Recorded data:

(* Let $R$ be a ring of finite characteristic and $J$ a nil ideal of $R$ of bounded index. Then the following are equivalent: (1) $R$ is an $n$-torsion clean ring for some $n\in\mathbb{N}$; (2) $R/J$ is a $t$-torsion clean ring for some $t\in\mathbb{N}$.
   Context: All rings are associative with identity. An ideal $I$ is nil of bounded index if there is $k$ with $r^k=0$ for all $r\in I$. A ring $R$ is $n$-torsion clean if every $r\in R$ can be written $r=e+u$ with $e^2=e$, $u$ a unit, $u^n=1$, and $n$ is the smallest natural number with this property. *)

theory Defs
  imports "HOL-Algebra.Algebra"
begin

definition finite_char :: "('a, 'b) ring_scheme \<Rightarrow> bool" where
  "finite_char R \<longleftrightarrow> (\<exists>m::nat. m > 0 \<and> [m] \<cdot>\<^bsub>R\<^esub> \<one>\<^bsub>R\<^esub> = \<zero>\<^bsub>R\<^esub>)"

definition nil_bounded_index :: "'a set \<Rightarrow> ('a, 'b) ring_scheme \<Rightarrow> bool" where
  "nil_bounded_index J R \<longleftrightarrow> (\<exists>k::nat. \<forall>r\<in>J. r [^]\<^bsub>R\<^esub> k = \<zero>\<^bsub>R\<^esub>)"

definition torsion_clean_with :: "('a, 'b) ring_scheme \<Rightarrow> nat \<Rightarrow> bool" where
  "torsion_clean_with R n \<longleftrightarrow> n > 0 \<and>
     (\<forall>r\<in>carrier R. \<exists>e u. e \<in> carrier R \<and> e \<otimes>\<^bsub>R\<^esub> e = e \<and> u \<in> Units R \<and>
        u [^]\<^bsub>R\<^esub> n = \<one>\<^bsub>R\<^esub> \<and> r = e \<oplus>\<^bsub>R\<^esub> u)"

definition n_torsion_clean :: "('a, 'b) ring_scheme \<Rightarrow> nat \<Rightarrow> bool" where
  "n_torsion_clean R n \<longleftrightarrow> torsion_clean_with R n \<and>
     (\<forall>m. 0 < m \<and> m < n \<longrightarrow> \<not> torsion_clean_with R m)"

end

theory Submission
  imports Defs "HOL-Computational_Algebra.Polynomial"
begin

text \<open>
  Going down is clear, since a surjective ring homomorphism maps idempotents to idempotents and
  units of order dividing \<open>n\<close> to such units. Going up, write a preimage of \<open>r + J\<close> as
  \<open>e + u\<close> where \<open>e\<close> is an idempotent lifting the idempotent part (idempotents lift modulo a
  nil ideal) and \<open>u\<close> then lifts the unit part. Then \<open>u\<close> is a unit, being invertible modulo a nil
  ideal, and \<open>u\<^sup>t = 1 + j\<close> with \<open>j \<in> J\<close>. If \<open>m\<close> is the characteristic and \<open>j\<^sup>k = 0\<close>, all binomial
  coefficients \<open>C(m k!, i)\<close> with \<open>0 < i < k\<close> are divisible by \<open>m\<close>, so \<open>(1 + j)\<^bsup>m k!\<^esup> = 1\<close>. Hence \<open>R\<close>
  is torsion clean with exponent \<open>t m k!\<close>, and a least such exponent exists.

  All the needed identities involve a single element, so they are proved for integer polynomials
  and transported into the (not necessarily commutative) ring by evaluation.
\<close>

lemma dvd_binomial_mult_fact:
  fixes m K i :: nat
  assumes "1 \<le> i" "i \<le> K"
  shows "m dvd ((m * fact K) choose i)"
proof -
  obtain q where q: "fact K = i * q" using dvd_fact[OF assms] by (auto elim: dvdE)
  have "i * ((m * fact K) choose i) = (m * fact K) * ((m * fact K - 1) choose (i - 1))"
    using assms by (intro times_binomial_minus1_eq) auto
  also have "\<dots> = i * (m * q * ((m * fact K - 1) choose (i - 1)))" by (simp add: q)
  finally have "(m * fact K) choose i = m * q * ((m * fact K - 1) choose (i - 1))"
    using assms by simp
  then show ?thesis by simp
qed

lemma one_plus_power_mult_fact:
  fixes x :: "'a::comm_ring_1" and m K :: nat
  assumes K: "K \<ge> 1"
  shows "\<exists>A B. (1 + x) ^ (m * fact K) = 1 + of_nat m * A + x ^ K * B"
proof (cases "m = 0")
  case True
  then show ?thesis by (intro exI[of _ 0]) simp
next
  case False
  define N where "N = m * fact K"
  have "K \<le> fact K" by (rule fact_ge_self)
  moreover have "(fact K :: nat) \<le> m * fact K" using False by simp
  ultimately have KN: "K \<le> N" unfolding N_def by linarith
  define f where "f k = of_nat (N choose k) * x ^ k" for k
  have "(1 + x) ^ N = (\<Sum>k\<le>N. f k)"
    using binomial_ring[of x 1 N] by (simp add: f_def add.commute)
  also have "\<dots> = (\<Sum>k\<in>{0..<K}. f k) + (\<Sum>k\<in>{K..<Suc N}. f k)"
    using KN by (simp add: sum.atLeastLessThan_concat atLeast0AtMost[symmetric]
        atLeastLessThanSuc_atLeastAtMost[symmetric])
  also have "(\<Sum>k\<in>{0..<K}. f k) = f 0 + (\<Sum>k\<in>{1..<K}. f k)"
    using K by (simp add: sum.atLeast_Suc_lessThan)
  also have "f 0 = 1" by (simp add: f_def)
  also have "(\<Sum>k\<in>{1..<K}. f k) = of_nat m * (\<Sum>k\<in>{1..<K}. of_nat ((N choose k) div m) * x ^ k)"
    unfolding sum_distrib_left
  proof (rule sum.cong)
    fix k assume "k \<in> {1..<K}"
    then have "m dvd N choose k" unfolding N_def by (intro dvd_binomial_mult_fact) auto
    then have "of_nat (N choose k) = (of_nat m * of_nat ((N choose k) div m) :: 'a)"
      by (metis dvd_mult_div_cancel of_nat_mult)
    then show "f k = of_nat m * (of_nat ((N choose k) div m) * x ^ k)"
      by (simp add: f_def mult.assoc)
  qed simp
  also have "(\<Sum>k\<in>{K..<Suc N}. f k) = x ^ K * (\<Sum>k\<in>{K..<Suc N}. of_nat (N choose k) * x ^ (k - K))"
    unfolding sum_distrib_left
  proof (rule sum.cong)
    fix k assume "k \<in> {K..<Suc N}"
    then have "x ^ k = x ^ K * x ^ (k - K)" by (simp flip: power_add)
    then show "f k = x ^ K * (of_nat (N choose k) * x ^ (k - K))" by (simp add: f_def algebra_simps)
  qed simp
  finally show ?thesis unfolding N_def by blast
qed

text \<open>Iterating \<open>f \<mapsto> 3f\<^sup>2 - 2f\<^sup>3\<close> squares the defect \<open>f\<^sup>2 - f\<close> up to a factor: with
  \<open>y = f\<^sup>2 - f\<close>, the new defect is \<open>y\<^sup>2 (4y - 3)\<close>.\<close>
lemma idempotent_approximation:
  fixes x :: "'a::comm_ring_1"
  shows "\<exists>f g h. f = x + (x*x - x) * g \<and> f*f - f = (x*x - x) ^ (2^s) * h"
proof (induction s)
  case 0
  show ?case by (rule exI[of _ x], rule exI[of _ 0], rule exI[of _ 1]) simp
next
  case (Suc s)
  define d where "d = x*x - x"
  from Suc obtain f g h where fg: "f = x + d * g" and fh: "f*f - f = d ^ (2^s) * h"
    unfolding d_def by blast
  define y where "y = f*f - f"
  define D where "D = d ^ (2^s - 1)"
  have "d ^ (2^s) = d * D" unfolding D_def by (metis Suc_pred' pos2 power_Suc zero_less_power)
  define f' where "f' = 3*f*f - 2*f*f*f"
  have f'_eq: "f' = f - (2*f - 1) * y" unfolding f'_def y_def by (simp add: algebra_simps)
  have "x = f - d * g" using fg by simp
  then have "f' = x + d * (g - (2*f - 1) * D * h)"
    unfolding f'_eq using fh \<open>d ^ (2^s) = d * D\<close> by (simp add: y_def algebra_simps)
  moreover
  have sq: "(2*f - 1)*(2*f - 1) = 4*y + 1" unfolding y_def by (simp add: algebra_simps)
  have "f'*f' - f' = y - (2*f-1)*(2*f-1)*y + (2*f-1)*(2*f-1)*y*y"
    unfolding f'_eq y_def by (simp add: algebra_simps)
  then have "f'*f' - f' = y * y * (4*y - 3)"
    unfolding sq by (simp add: algebra_simps)
  then have "f'*f' - f' = d ^ (2 ^ Suc s) * (h * h * (4*y - 3))"
    using fh by (simp add: y_def power_mult power2_eq_square algebra_simps)
  ultimately show ?case unfolding d_def by blast
qed

context ring begin

definition int_embed :: "int \<Rightarrow> 'a" where
  "int_embed c = [c] \<cdot> \<one>"

lemma int_embed_closed [simp]: "int_embed c \<in> carrier R"
  unfolding int_embed_def by simp

lemma int_embed_0 [simp]: "int_embed 0 = \<zero>"
  unfolding int_embed_def by (simp add: add_pow_int_ge)

lemma int_embed_1 [simp]: "int_embed 1 = \<one>"
  unfolding int_embed_def by simp

lemma int_embed_add: "int_embed (c + d) = int_embed c \<oplus> int_embed d"
  unfolding int_embed_def by (simp add: add.int_pow_mult)

lemma int_embed_mult_left: "x \<in> carrier R \<Longrightarrow> int_embed c \<otimes> x = [c] \<cdot> x"
  unfolding int_embed_def using add_pow_ldistr_int[of \<one> x c] by simp

lemma int_embed_mult_right: "x \<in> carrier R \<Longrightarrow> x \<otimes> int_embed c = [c] \<cdot> x"
  unfolding int_embed_def using add_pow_rdistr_int[of x \<one> c] by simp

Work task: What you give back should be only the lines of the records above, starting at the line with "coefficients \<open>C(m k!, i)\<close>" and ending at the line with "is torsion clean", restated word for word.

Task response:
  coefficients \<open>C(m k!, i)\<close> with \<open>0 < i < k\<close> are divisible by \<open>m\<close>, so \<open>(1 + j)\<^bsup>m k!\<^esup> = 1\<close>. Hence \<open>R\<close>
  is torsion clean with exponent \<open>t m k!\<close>, and a least such exponent exists.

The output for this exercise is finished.